Q1) Given : (jnu past year) please cross check GDP at factor cost(FC) 10000
Net factor income from abroad 500
Net Indirect taxes(NIT) 1500
Government(non-investment) expenditure at market prices(MP) 1500
current account deficit on balance of payments 500
gross savings of government -300
Calculate :
1) GDP at MP : 11500
2) GNP at MP : 12000
3) if pvt consumption expenditure is .75 times the GNP at MP, calculate Gross investment :
4) Gross savings in the economy :
5) Gross pvt savings :
6) pvt sectors savings ratio out of its disposable income : 0.25
I got this for 3 soimmoi, how did you arrive at your answer:
3) Here T-G = -300 G = 1500
T = 1200
Y - cY - cT = 2100,
Public savings + Pvt savings + M-X = Investment
2100 -300 +500 = 2300
Soimmoi, I don't think your last answer is right. In that they are asking for the Average propensity to consume which is equal to S/ Disposable Income, .25 here is the MPS.. also do you know which year this question is taken from ??

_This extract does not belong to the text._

(* For every decorated tree $\mathcal{T}$, the integer $M(\mathcal{T}) + F(\mathcal{T})$ is even.
   Context: A graph is a pair $(X_0,X_1)$ of finite sets such that each element of $X_1$ (an edge) is a $2$-element subset of $X_0$; elements of $X_0$ are called cells. The valency $\delta_x$ of a cell $x$ is the number of edges containing $x$. A path is a tuple $(x_0,\dots,x_n)$ ($n\ge 0$) of cells such that $\{x_i,x_{i+1}\}$ is an edge for each $i<n$ and these $n$ edges are pairwise distinct; a cell (resp. edge) is in the path if it is one of the $x_i$ (resp. one of the $\{x_i,x_{i+1}\}$). The graph is a tree if for any cells $x,y$ there is a unique path from $x$ to $y$, denoted $\gamma_{x,y}$. A decorated tree is a $5$-tuple $\mathcal{T}=(V,A,E,f,q)$ where $V$ (vertices) and $A$ (arrows) are finite disjoint sets, $(V\cup A,E)$ is a tree, every arrow has valency $1$, $f:A\to\mathbb{Z}$ is a map, $q$ assigns an integer $q(e,x)$ (the decoration of $e$ near $x$) to each pair $(e,x)$ with $e\in E$, $x\in e$, such that $q(e,\alpha)=1$ whenever $\alpha\in A$, and for every $v\in V$ and distinct edges $e,e'$ containing $v$, $\gcd(q(e,v),q(e',v))=1$. Let $A_0=\{\alpha\in A: f(\alpha)=0\}$. For $x\in V\cup A$ and an edge $e\ni x$, $Q(e,x)=\prod q(e',x)$ over edges $e'\neq e$ containing $x$ (empty products equal $1$). An edge $\varepsilon$ is incident to a path $\gamma$ if $\varepsilon$ is not in $\gamma$ but contains some cell $u$ of $\gamma$; then $q(\varepsilon,\gamma):=q(\varepsilon,u)$. For $v\in V\cup A$ and $\alpha\in A$ with $v\ne\alpha$, $x_{v,\alpha}=f(\alpha)\prod_\varepsilon q(\varepsilon,\gamma_{v,\alpha})$ over all edges $\varepsilon$ incident to $\gamma_{v,\alpha}$, and $\hat x_{v,\alpha}$ is the same expression with the product restricted to those $\varepsilon$ not containing $v$. For $v\in V\cup A_0$, $N_v=\sum_{\alpha\in A\setminus A_0} x_{v,\alpha}$, and $M(\mathcal{T})=-\sum_{v\in V\cup A_0}N_v(\delta_v-2)$. For $u\in V\cup A$ and an edge $e\ni u$, $p(u,e)=\sum \hat x_{u,\alpha}$ over $\alpha\in A\setminus A_0$ such that $e$ is in $\gamma_{u,\alpha}$. For $\alpha\in A\setminus A_0$ with unique incident edge $e_\alpha$, $F(\alpha)=\gcd(f(\alpha),p(\alpha,e_\alpha))\ge 0$, and $F(\mathcal{T})=\sum_{\alpha\in A\setminus A_0}F(\alpha)$. *)

theory Defs
  imports Main
begin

besides the answer you previously got for GS is correct, its 1500, not 2000. you see if GS=2000 and Sp=1300,
now Sg=-300, so it doesn't add up.
Also we definitely don't take tax into account, it clearly says C is .75 times GNPmp.
PS-please take a look at the other thread !!!
a) GDPmp=GDPfc+net IT=11500
b)GNPmp=GDPmp+nfia=12000
c)C=.75(GNPmp)=9000
GDPmp=Cmp+I+Gmp+X-M
11500=9000+I+1500+(-1000)
I=2000
d)for S, what you did previously was correct.
another way is S=GNP-C-G+Rf=12000-9000-1500+0=1500
e)S=Sp+Sg=>Sp=1800
what about equating savings and investment, I can't seem to find fault in the method but something seems fishy as well. Could you tell if the method is right Rayee ?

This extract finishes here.